YOUR TASK:
Counting the line with "define path where" as the last one, copy out the lines of the data exactly from the first onward.

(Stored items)

lemma borel_measurable_nat_filt_prefix:
  fixes g :: "'a \<Rightarrow> 'b::topological_space"
  assumes prefix: "\<And>x y. x \<in> space M \<Longrightarrow> y \<in> space M
      \<Longrightarrow> (\<And>k. k \<le> n \<Longrightarrow> I k x = I k y) \<Longrightarrow> g x = g y"
  shows "g \<in> borel_measurable (nat_filt M I n)"
proof -
  define F where "F = nat_filt M I n"
  \<comment> \<open>\<open>g\<close> factors through the countable-valued prefix \<open>(I 0, \<dots>, I n)\<close>.\<close>
  define path where "path x = map (\<lambda>k. I k x) [0..<Suc n]" for x
  have length_path: "length (path x) = Suc n" for x
    by (simp add: path_def)
  have path_nth: "path x ! k = I k x" if "k \<le> n" for x k
    unfolding path_def using that by (subst nth_map_upt) auto
  have path_meas: "path \<in> measurable F (count_space UNIV)"
    unfolding measurable_count_space_eq2_countable
  proof safe
    fix xs :: "nat list"
    show "path -` {xs} \<inter> space F \<in> sets F"
    proof (cases "length xs = Suc n")
      case True
      have "path x = xs \<longleftrightarrow> (\<forall>k\<le>n. I k x = xs ! k)" for x
        unfolding list_eq_iff_nth_eq length_path True less_Suc_eq_le using path_nth by auto
      then have "path -` {xs} \<inter> space F = (\<Inter>k\<in>{..n}. I k -` {xs ! k} \<inter> space M)"
        by (auto simp: F_def)
      also have "\<dots> \<in> sets F"
        by (rule sets.finite_INT) (auto simp: F_def intro: vimage_in_nat_filt)
      finally show ?thesis .
    next
      case False
      then have "path -` {xs} \<inter> space F = {}"
        using length_path by auto
      then show ?thesis by simp
    qed
  qed auto
  define h where "h xs = g (SOME y. y \<in> space M \<and> path y = xs)" for xs
  have h_meas: "(\<lambda>x. h (path x)) \<in> borel_measurable F"
    by (rule measurable_compose_countable[where f = "\<lambda>xs x. h xs", OF _ path_meas]) simp
  have h_eq: "g x = h (path x)" if x: "x \<in> space F" for x
  proof -
    let ?y = "SOME y. y \<in> space M \<and> path y = path x"
    have x_M: "x \<in> space M"
      using x by (simp add: F_def)
    have y: "?y \<in> space M \<and> path ?y = path x"
      by (rule someI[of _ x]) (simp add: x_M)
    have "I k x = I k ?y" if "k \<le> n" for k
    proof -
      have "I k x = path x ! k"
        by (rule path_nth[OF that, symmetric])
      also have "\<dots> = path ?y ! k"
        using y by simp
      also have "\<dots> = I k ?y"
        by (rule path_nth[OF that])
      finally show ?thesis .
    qed
    then have "g x = g ?y"
      by (rule prefix[OF x_M conjunct1[OF y]])
    then show ?thesis
      by (simp add: h_def)
  qed
  have "g \<in> borel_measurable F"
    using measurable_cong[of F g "\<lambda>x. h (path x)" borel] h_eq h_meas by blast
  then show ?thesis
    by (simp add: F_def)
qed

lemma martingale_of_increments:
  assumes sub: "\<And>n. sigma_finite_subalgebra M (F n)"
    and meas: "\<And>n. Y n \<in> borel_measurable (F n)"
    and int_0: "integrable M (Y 0)"
    and int_incr: "\<And>n. integrable M (\<lambda>x. Y (Suc n) x - Y n x)"
    and incr: "\<And>n. AE x in M. real_cond_exp M (F n) (\<lambda>x. Y (Suc n) x - Y n x) x = 0"
  shows "martingale M F Y"
proof -
  have int: "integrable M (Y n)" for n
  proof (induction n)
    case (Suc n)
    then have "integrable M (\<lambda>x. (Y (Suc n) x - Y n x) + Y n x)"
      using int_incr by (intro Bochner_Integration.integrable_add)
    then show ?case by simp
  qed (fact int_0)
  have "AE x in M. real_cond_exp M (F n) (Y (Suc n)) x = Y n x" for n
  proof -
    interpret sigma_finite_subalgebra M "F n" by (fact sub)
    have "AE x in M. real_cond_exp M (F n) (\<lambda>x. (Y (Suc n) x - Y n x) + Y n x) x
        = real_cond_exp M (F n) (\<lambda>x. Y (Suc n) x - Y n x) x + real_cond_exp M (F n) (Y n) x"
      by (rule real_cond_exp_add[OF int_incr int])
    moreover have "AE x in M. real_cond_exp M (F n) (Y n) x = Y n x"
      by (rule real_cond_exp_F_meas[OF int meas])
    ultimately show ?thesis
      using incr[of n] by eventually_elim simp
  qed
  then show ?thesis
    unfolding martingale_def using meas int by blast
qed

OUTPUT OF THE TASK:
lemma borel_measurable_nat_filt_prefix:
  fixes g :: "'a \<Rightarrow> 'b::topological_space"
  assumes prefix: "\<And>x y. x \<in> space M \<Longrightarrow> y \<in> space M
      \<Longrightarrow> (\<And>k. k \<le> n \<Longrightarrow> I k x = I k y) \<Longrightarrow> g x = g y"
  shows "g \<in> borel_measurable (nat_filt M I n)"
proof -
  define F where "F = nat_filt M I n"
  \<comment> \<open>\<open>g\<close> factors through the countable-valued prefix \<open>(I 0, \<dots>, I n)\<close>.\<close>
  define path where "path x = map (\<lambda>k. I k x) [0..<Suc n]" for x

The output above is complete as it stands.